On The Heavens

by Aristotle

Written circa 350 B.C.
Translated by J. L. Stocks

Book III.2

The necessity that each of the simple bodies should have a naturalmovement may be shown as follows. They manifestly move, and if they have no proper movement they must move by constraint: and theconstrained is the same as the unnatural. Now an unnatural movement presupposes a natural movement which it contravenes, and which,
however many the unnatural movements, is always one. For naturally a
thing moves in one way, while its unnatural movements are manifold.
The same may be shown, from the fact of rest. Rest, also, must
either be constrained or natural, constrained in a place to which
movement was constrained, natural in a place movement to which was
natural. Now manifestly there is a body which is at rest at the
centre. If then this rest is natural to it, clearly motion to this
place is natural to it. If, on the other hand, its rest is
constrained, what is hindering its motion? Something, which is at
rest: but if so, we shall simply repeat the same argument; and
either we shall come to an ultimate something to which rest where it
is or we shall have an infinite process, which is impossible. The
hindrance to its movement, then, we will suppose, is a moving thing-as
Empedocles says that it is the vortex which keeps the earth still-:
but in that case we ask, where would it have moved to but for the
vortex?

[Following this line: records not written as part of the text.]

lemma Afun_restrict:
  "Afun K i h d \<eta> Pt \<sigma>2 \<gamma>0 xu yu (restrict x (interferers K i)) = Afun K i h d \<eta> Pt \<sigma>2 \<gamma>0 xu yu x"
  unfolding Afun_def by (intro arg_cong2[where f = "(-)"] arg_cong2[where f = "(+)"] refl sum.cong) auto

lemma Afun_measurable:
  "Afun K i h d \<eta> Pt \<sigma>2 \<gamma>0 xu yu \<in> borel_measurable (PiM (interferers K i) (\<lambda>_. lborel))"
  unfolding Afun_def rk_def by measurable

lemma abs_Afun_le:
  assumes "h > 0" "\<eta> > 0" "Pt > 0" "\<sigma>2 > 0" "\<gamma>0 > 0"
  shows "\<bar>Afun K i h d \<eta> Pt \<sigma>2 \<gamma>0 xu yu x\<bar>
           \<le> \<sigma>2 / (\<eta> * Pt) + card (interferers K i) / h\<^sup>2 + inverse (r0 h d i yu) / (\<eta> * \<gamma>0)"
proof -
  define s where "s = (\<Sum>k\<in>interferers K i. inverse (rk h d k (x k) xu yu))"
  have "0 \<le> s"
    unfolding s_def using sum_inverse_rk_nonneg[OF \<open>h > 0\<close>] .
  moreover have "s \<le> card (interferers K i) / h\<^sup>2"
    using sum_bounded_above[of "interferers K i" "\<lambda>k. inverse (rk h d k (x k) xu yu)" "inverse (h\<^sup>2)"]
      inverse_rk_le[OF \<open>h > 0\<close>]
    by (simp add: s_def field_simps)
  moreover have "0 \<le> \<sigma>2 / (\<eta> * Pt)" "0 \<le> inverse (r0 h d i yu) / (\<eta> * \<gamma>0)"
    using assms r0_pos[OF \<open>h > 0\<close>, of d i yu] by simp_all
  ultimately show ?thesis
    unfolding Afun_def s_def[symmetric] by (simp add: abs_le_iff)
qed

It could not move infinitely; for to traverse an infinite is
impossible, and impossibilities do not happen. So the moving thing
must stop somewhere, and there rest not by constraint but naturally.
But a natural rest proves a natural movement to the place of rest.
Hence Leucippus and Democritus, who say that the primary bodies are in
perpetual movement in the void or infinite, may be asked to explain
the manner of their motion and the kind of movement which is natural
to them. For if the various elements are constrained by one another to
move as they do, each must still have a natural movement which the
constrained contravenes, and the prime mover must cause motion not
by constraint but naturally. If there is no ultimate natural cause
of movement and each preceding term in the series is always moved by
constraint, we shall have an infinite process. The same difficulty
is involved even if it is supposed, as we read in the Timaeus, that
before the ordered world was made the elements moved without order.
Their movement must have been due either to constraint or to their
nature. And if their movement was natural, a moment's consideration
shows that there was already an ordered world. For the prime mover
must cause motion in virtue of its own natural movement, and the other
bodies, moving without constraint, as they came to rest in their
proper places, would fall into the order in which they now stand,
the heavy bodies moving towards the centre and the light bodies away
from it. But that is the order of their distribution in our world.
There is a further question, too, which might be asked. Is it possible
or impossible that bodies in unordered movement should combine in some
cases into combinations like those of which bodies of nature's
composing are composed, such, I mean, as bones and flesh? Yet this
is what Empedocles asserts to have occurred under Love. 'Many a head',
says he, 'came to birth without a neck.' The answer to the view that
there are infinite bodies moving in an infinite is that, if the
cause of movement is single, they must move with a single motion,
and therefore not without order; and if, on the other hand, the causes
are of infinite variety, their motions too must be infinitely
varied. For a finite number of causes would produce a kind of order,
since absence of order is not proved by diversity of direction in
motions: indeed, in the world we know, not all bodies, but only bodies
of the same kind, have a common goal of movement. Again, disorderly
movement means in reality unnatural movement, since the order proper
to perceptible things is their nature. And there is also absurdity and
impossibility in the notion that the disorderly movement is infinitely
continued. For the nature of things is the nature which most of them
possess for most of the time. Thus their view brings them into the
contrary position that disorder is natural, and order or system
unnatural. But no natural fact can originate in chance. This is a
point which Anaxagoras seems to have thoroughly grasped; for he starts
his cosmogony from unmoved things. The others, it is true, make things
collect together somehow before they try to produce motion and
separation. But there is no sense in starting generation from an
original state in which bodies are separated and in movement. Hence
Empedocles begins after the process ruled by Love: for he could not
have constructed the heaven by building it up out of bodies in
separation, making them to combine by the power of Love, since our
world has its constituent elements in separation, and therefore
presupposes a previous state of unity and combination.